Aquela expressão popularizada: se tu não gostares de ti, ninguém gostará, é superada pelo mandamento novo do amor: amai-vos uns aos outros como Eu vos amei (cf. Jo 1334). Do ponto de vista da psicologia, obviamente que a baixa-autoestima é prejudicial e doentia, temos de nos aceitar na nossa pele, com as nossas fragilidades e insuficiências, valorizando as nossas qualidades. A nossa grandeza é genética, somos filhos amados de Deus, Sua imagem e semelhança. Porém, a expressão acentua, muitas vezes, o egoísmo, viver centrado em si mesmo (egocentrismo), o que pode conduzir ao isolamento, à instrumentalização ou divinização dos outros, provocando ansiedade e pressa em ser aceite por todos. E, então, o que seria desejável, passa a ser uma tortura. O desafio de Jesus é descentrar-nos e colocarmos os outros em primeiro lugar. Melhorando a vida dos outros, em consequência, também a nossa vida há de melhorar.

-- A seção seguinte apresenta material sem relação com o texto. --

(* Let $X=[0,1]^{\mathbb N_0}$ with the shift $\sigma$, let $h\in C^2([0,1]^2;\mathbb R)$ satisfy $D_2D_1h<0$ on $[0,1]^2$, and let $\varphi:X\to\mathbb R$ be given by $\varphi(\underline{x})=h(x_0,x_1)$. Then \[\mathscr{M}_\varphi=\Omega_\varphi=\bigcup_{a\in\mathrm{m}_h}\{a^\infty\}.\]
   Context: $X=[0,1]^{\mathbb N_0}$ carries the metric $d_X(\underline{x},\underline{y})=\sum_{i\ge0}|x_i-y_i|/2^{i+1}$, and $\sigma(\underline{x})_i=x_{i+1}$. For Lipschitz $\varphi:X\to\mathbb R$, $\alpha_\varphi=\inf_\mu\int\varphi\,d\mu$, the infimum over $\sigma$-invariant Borel probability measures; a measure attaining it is called minimizing, and the Mather set $\mathscr{M}_\varphi$ is the union of the supports of all minimizing measures. For $\underline{x},\underline{y}\in X$, $n\in\mathbb N$, $\varepsilon>0$ let $B(\underline{x},\underline{y},n;\varepsilon)=\{\underline{z}\in X: d_X(\underline{x},\underline{z})<\varepsilon,\ d_X(\sigma^n\underline{z},\underline{y})<\varepsilon\}$, $S_\varphi(\underline{x},\underline{y};\varepsilon)=\inf\{\sum_{i=0}^{n-1}(\varphi(\sigma^i\underline{z})-\alpha_\varphi): n\in\mathbb N,\ \underline{z}\in B(\underline{x},\underline{y},n;\varepsilon)\}$ and $S_\varphi(\underline{x},\underline{y})=\lim_{\varepsilon\to0}S_\varphi(\underline{x},\underline{y};\varepsilon)$ (the Mañé potential). The Aubry set is $\Omega_\varphi=\{\underline{x}\in X: S_\varphi(\underline{x},\underline{x})=0\}$. For $h:[0,1]^2\to\mathbb R$ continuous, $h^*=\min_{x\in[0,1]}h(x,x)$ and $\mathrm{m}_h=\{a\in[0,1]: h(a,a)=h^*\}$; $a^\infty$ denotes the constant sequence $aaa\ldots$. $D_i$ denotes the partial derivative in the $i$-th variable. *)

theory Defs
  imports "HOL-Analysis.Analysis" "HOL-Probability.Probability"
begin

text \<open>The space X = [0,1]^N0, realised as a subset of nat => real (product topology).\<close>
definition Xs :: "(nat \<Rightarrow> real) set" where
  "Xs = {x. \<forall>i. x i \<in> {0..1}}"

definition dX :: "(nat \<Rightarrow> real) \<Rightarrow> (nat \<Rightarrow> real) \<Rightarrow> real" where
  "dX x y = (\<Sum>i. \<bar>x i - y i\<bar> / 2 ^ (Suc i))"

definition shift :: "(nat \<Rightarrow> real) \<Rightarrow> (nat \<Rightarrow> real)" where
  "shift x = (\<lambda>i. x (Suc i))"

text \<open>Shift-invariant Borel probability measures on X (measures on the Borel sets of
  nat => real concentrated on the closed set X).\<close>
definition invariant_prob :: "(nat \<Rightarrow> real) measure \<Rightarrow> bool" where
  "invariant_prob M \<longleftrightarrow> prob_space M \<and> sets M = sets borel \<and> emeasure M Xs = 1 \<and>
     (\<forall>A\<in>sets borel. emeasure M (shift -` A) = emeasure M A)"

definition pint :: "((nat \<Rightarrow> real) \<Rightarrow> real) \<Rightarrow> (nat \<Rightarrow> real) measure \<Rightarrow> real" where
  "pint \<phi> M = (LINT x:Xs|M. \<phi> x)"

definition alpha :: "((nat \<Rightarrow> real) \<Rightarrow> real) \<Rightarrow> real" where
  "alpha \<phi> = Inf {pint \<phi> M | M. invariant_prob M}"
lemma abs_divide_sub_divide_le:
  fixes A B P a b \<eta> :: real
  assumes "P \<noteq> 0" "b \<noteq> 0" "\<bar>A - a * P\<bar> \<le> \<eta> * \<bar>P\<bar>" "\<bar>B - b * P\<bar> \<le> \<eta> * \<bar>P\<bar>" "\<eta> \<le> \<bar>b\<bar> / 2"
  shows "\<bar>A / B - a / b\<bar> \<le> 2 * (\<bar>a\<bar> + \<bar>b\<bar>) * \<eta> / b\<^sup>2"
proof -
  have "\<eta> * \<bar>P\<bar> \<le> \<bar>b\<bar> * \<bar>P\<bar> / 2"
    using mult_right_mono[OF assms(5), of "\<bar>P\<bar>"] by simp
  then have "\<bar>b\<bar> * \<bar>P\<bar> / 2 \<le> \<bar>B\<bar>"
    using assms(4) abs_triangle_ineq2[of "b * P" B] by (simp add: abs_mult abs_minus_commute)
  then have "\<bar>b\<bar> * (\<bar>b\<bar> * \<bar>P\<bar> / 2) \<le> \<bar>b\<bar> * \<bar>B\<bar>"
    by (rule mult_left_mono) simp
  then have B_lower: "b\<^sup>2 * \<bar>P\<bar> / 2 \<le> \<bar>b * B\<bar>"
    by (simp add: abs_mult power2_eq_square mult.assoc[symmetric])
  have "0 < b\<^sup>2 * \<bar>P\<bar> / 2"
    using assms(1,2) by simp
  with B_lower have "B \<noteq> 0"
    by auto
  then have "\<bar>A / B - a / b\<bar> = \<bar>(b * (A - a * P) - a * (B - b * P)) / (b * B)\<bar>"
    using assms(2) by (simp add: field_simps)
  also have "\<dots> \<le> (\<bar>a\<bar> + \<bar>b\<bar>) * \<eta> * \<bar>P\<bar> / (b\<^sup>2 * \<bar>P\<bar> / 2)"
  proof -
    have "\<bar>b * (A - a * P) - a * (B - b * P)\<bar> \<le> \<bar>b\<bar> * \<bar>A - a * P\<bar> + \<bar>a\<bar> * \<bar>B - b * P\<bar>"
      using abs_triangle_ineq4[of "b * (A - a * P)" "a * (B - b * P)"] by (simp only: abs_mult)
    also have "\<dots> \<le> \<bar>b\<bar> * (\<eta> * \<bar>P\<bar>) + \<bar>a\<bar> * (\<eta> * \<bar>P\<bar>)"
      by (intro add_mono mult_left_mono assms(3,4)) simp_all
    also have "\<dots> = (\<bar>a\<bar> + \<bar>b\<bar>) * \<eta> * \<bar>P\<bar>"
      by (simp add: algebra_simps)
    finally have num: "\<bar>b * (A - a * P) - a * (B - b * P)\<bar> \<le> (\<bar>a\<bar> + \<bar>b\<bar>) * \<eta> * \<bar>P\<bar>" .
    have "0 \<le> \<eta> * \<bar>P\<bar>"
      using assms(3) abs_ge_zero order_trans by blast
    then have "0 \<le> (\<bar>a\<bar> + \<bar>b\<bar>) * \<eta> * \<bar>P\<bar>"
      by (simp add: mult.assoc)
    with num B_lower \<open>0 < b\<^sup>2 * \<bar>P\<bar> / 2\<close> show ?thesis
      unfolding abs_divide by (intro frac_le)
  qed
  also have "\<dots> = 2 * (\<bar>a\<bar> + \<bar>b\<bar>) * \<eta> / b\<^sup>2"
    using assms(1,2) by (simp add: divide_simps)
  finally show ?thesis .
qed
(* Fix $J,h\in\mathbb{R}$, a $G$-covariant transition rate $c$, $m\in\mathbb{N}$ and $p\in P_m$. For each $n\ge m$ let $\langle p\rangle_n^*$ be the minimum of $LP(p,n)$ and let $m_n^*$ be a minimizer, writing $\langle q\rangle_n^*=m_n^*(q)$ for $q\in P_n$. Then: (1) the limit $\langle p\rangle_\infty=\lim_{n\to\infty}\langle p\rangle_n^*$ exists; (2) for every $l\in\mathbb{N}$, the sequence of vectors $\big(\langle\underline{s}_A\rangle_n^*\big)_{A\subseteq D_l}\in\mathbb{R}^{2^{|D_l|}}$, $n\ge\max(m,l)$, has a convergent subsequence, indexed by some $Q\subseteq\{\max(m,l),\max(m,l)+1,\dots\}$, with limits $\langle\underline{s}_A\rangle_\infty=\lim_{n\in Q,n\to\infty}\langle\underline{s}_A\rangle_n^*$; (3) there exists a lattice-symmetric probability measure $\mu$ on $(S,V)$ which is invariant for the stochastic Ising model with rate $c$ and satisfies $\int p\,d\mu=\langle p\rangle_\infty$ and $\int\underline{s}_A\,d\mu=\langle\underline{s}_A\rangle_\infty$ for all $A\subseteq D_l$; (4) for every lattice-symmetric invariant probability measure $\mu'$ of the stochastic Ising model with rate $c$, $\int p\,d\mu\le\int p\,d\mu'$.
   Context: $S=\{-1,1\}^{\mathbb{Z}^d}$ with $\sigma$-algebra $V$ generated by cylinder events $E(\{u_i\}_{i\in A})=\{s:s_i=u_i\ \forall i\in A\}$ ($A$ finite). $\underline{s}_A=\prod_{i\in A}s_i$ ($\underline{s}_\varnothing=1$); $P(S)$ is the real linear span of $\{\underline{s}_A:A\text{ finite}\}$; $D_n=\{i\in\mathbb{Z}^d:\|i\|_1\le n-1\}$ ($n\ge1$), $D_0=\varnothing$; $P_n$ is the span of $\{\underline{s}_A:A\subseteq D_n\}$ (functions of finitely many spins are reduced to such polynomials using $s_j^2=1$). $\bar s^i$ agrees with $s$ except $(\bar s^i)_i=-s_i$; $n(i)=\{j:\|i-j\|_1=1\}$; $F(\{u_i\}_{i\in A},s)=\prod_{i\in A}\frac{1+u_is_i}{2}$. Lattice symmetry group $G$: bijections of $\mathbb{Z}^d$ generated by unit translations, coordinate permutations and coordinate sign changes; $A\sim B$ iff $B=g(A)$ for some $g\in G$. A probability measure $\mu$ on $(S,V)$ is lattice-symmetric if $\int\underline{s}_A\,d\mu=\int\underline{s}_{g(A)}\,d\mu$ for all finite $A$ and $g\in G$. A transition rate at couplings $J,h$ is a family of strictly positive reals $c(i,s)$ such that $c(i,s)$ depends only on $s_i$ and $(s_j)_{j\in n(i)}$ and $c(i,s)\exp(hs_i+J\sum_{j\in n(i)}s_is_j)$ does not depend on $s_i$; it is $G$-covariant if $c(g(i),s\circ g^{-1})=c(i,s)$ for all $g\in G$. Example: $c^*(i,s)=C\big(1+\exp(-2hs_i-2J\sum_{j\in n(i)}s_is_j)\big)$, $C>0$ a constant. A probability measure $\mu$ on $(S,V)$ is invariant for the stochastic Ising model with rate $c$ if $\sum_{i\in\mathbb{Z}^d}\int c(i,s)(f(\bar s^i)-f(s))\,d\mu=0$ for all $f\in P(S)$ (only finitely many terms are nonzero; this is equivalent to the generator condition over the core of the Markov process). $LP(p,n)$ ($n\ge m$): minimize $m_n(p)$ over linear maps $m_n:P_n\to\mathbb{R}$ with (PB) $m_n(F(\{u_i\}_{i\in D_n},\cdot))\ge0$ for all $u\in\{-1,1\}^{D_n}$; (N) $m_n(1)=1$; (Sym) $m_n(\underline{s}_A)=m_n(\underline{s}_B)$ whenever $A,B\subseteq D_n$, $A\sim B$; (Inv) $\sum_{i\in D_{n-1}}m_n\big(c(i,s)(f(\bar s^i)-f(s))\big)=0$ for all $f\in P_{n-1}$. The feasible set is nonempty and compact, so the minimum is attained. *)

theory Defs
  imports "HOL-Probability.Probability"
begin
text \<open>Below \<open>\<kappa>\<close> the penalty loses against the growth of the loss: a point \<open>\<zeta>\<close> at distance \<open>r\<close>
  from \<open>\<xi>\<^sub>0\<close> on which the loss grows like \<open>k r\<^sup>p\<close> is at distance at most \<open>(1 + \<eta>) r\<close> from \<open>\<xi>\<close>,
  so its penalty is at most \<open>\<lambda> (1 + \<eta>)\<^sup>p r\<^sup>p < k' r\<^sup>p\<close> with \<open>k' < k\<close>.\<close>
lemma hfun_eq_PInf_below_kappa:
  assumes p: "1 \<le> p" and lam: "0 \<le> lam" "ereal lam < kappa l d S p \<xi>0 \<theta>"
    and "0 \<le> l \<theta> \<xi>0"
    and nonneg: "\<forall>u v. 0 \<le> d u v" and triangle: "\<forall>u v w. d u w \<le> d u v + d v w"
  shows "hfun l d S p \<theta> lam \<xi> = \<infinity>"
proof -
  obtain k where k: "lam < k" "ereal k < kappa l d S p \<xi>0 \<theta>"
    using ereal_dense2[OF lam(2)] by auto
  define k' where "k' = (lam + k) / 2"
  have k': "lam < k'" "k' < k" using k by (simp_all add: k'_def)
  obtain \<eta> where \<eta>: "0 < \<eta>" "lam * (1 + \<eta>) powr p < k'"
    using exists_powr_stretch_less k'(1) by blast
  define c where "c = d \<xi>0 \<xi>"
  show ?thesis
    unfolding hfun_def
  proof (rule SUP_PInfty)
    fix m :: nat
    obtain \<zeta> where "\<zeta> \<in> S" and far: "max (max 1 (c / \<eta>)) (m / (k - k')) \<le> d \<zeta> \<xi>0"
      and gain: "k < (l \<theta> \<zeta> - l \<theta> \<xi>0) / d \<zeta> \<xi>0 powr p"
      using far_point_above_kappa[OF k(2)] by blast
    define r where "r = d \<zeta> \<xi>0"
    have "1 \<le> r" "c \<le> r * \<eta>" "m \<le> r * (k - k')"
      using far \<eta>(1) k' by (simp_all add: r_def pos_divide_le_eq)
    have "r powr 1 \<le> r powr p" using \<open>1 \<le> r\<close> p by (intro powr_mono) auto
    then have "r \<le> r powr p" "0 < r powr p" using \<open>1 \<le> r\<close> by auto
    have "d \<zeta> \<xi> \<le> r + c" using triangle by (auto simp: r_def c_def)
    also have "\<dots> \<le> (1 + \<eta>) * r" using \<open>c \<le> r * \<eta>\<close> by (simp add: algebra_simps)
    finally have "d \<zeta> \<xi> powr p \<le> ((1 + \<eta>) * r) powr p"
      using nonneg p by (intro powr_mono2) auto
    also have "\<dots> = (1 + \<eta>) powr p * r powr p" by (rule powr_mult)
    finally have "lam * d \<zeta> \<xi> powr p \<le> (lam * (1 + \<eta>) powr p) * r powr p"
      using lam(1) by (simp add: mult_left_mono mult.assoc)
    also have "\<dots> \<le> k' * r powr p" using \<eta>(2) \<open>0 < r powr p\<close> by (intro mult_right_mono) auto
    finally have penalty: "lam * d \<zeta> \<xi> powr p \<le> k' * r powr p" .
    have "r * (k - k') \<le> r powr p * (k - k')"
      using \<open>r \<le> r powr p\<close> k' by (intro mult_right_mono) auto
    with \<open>m \<le> r * (k - k')\<close> have "real m \<le> r powr p * (k - k')" by (rule order_trans)
    moreover have "k * r powr p < l \<theta> \<zeta> - l \<theta> \<xi>0"
      using gain \<open>0 < r powr p\<close> by (simp add: r_def less_divide_eq)
    moreover have "r powr p * (k - k') = k * r powr p - k' * r powr p" by (simp add: algebra_simps)
    ultimately have "real m \<le> l \<theta> \<zeta> - lam * d \<zeta> \<xi> powr p"
      using penalty \<open>0 \<le> l \<theta> \<xi>0\<close> by linarith
    with \<open>\<zeta> \<in> S\<close> show "\<exists>\<zeta>\<in>S. ereal (real m) \<le> ereal (l \<theta> \<zeta> - lam * d \<zeta> \<xi> powr p)"
      by auto
  qed
qed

«Há grandes homens que fazem com que todos se sintam pequenos. Mas o verdadeiro grande homem é aquele que faz com que todos se sintam grandes» (Chesterton). Esta máxima ilustra bem a vida de Jesus, de Nossa Senhora e de tantas pessoas que souberam ser grandes pelo amor, pelo serviço, por tanto que deram para que o mundo fosse melhor.
Vale a pena resgatar as palavras de Ratzinger /Bento XVI acerca de Maria. “Ela vive de tal maneira que é permeável a Deus, habitável por Ele. Ela vive de tal maneira que se torna um lugar para Deus”.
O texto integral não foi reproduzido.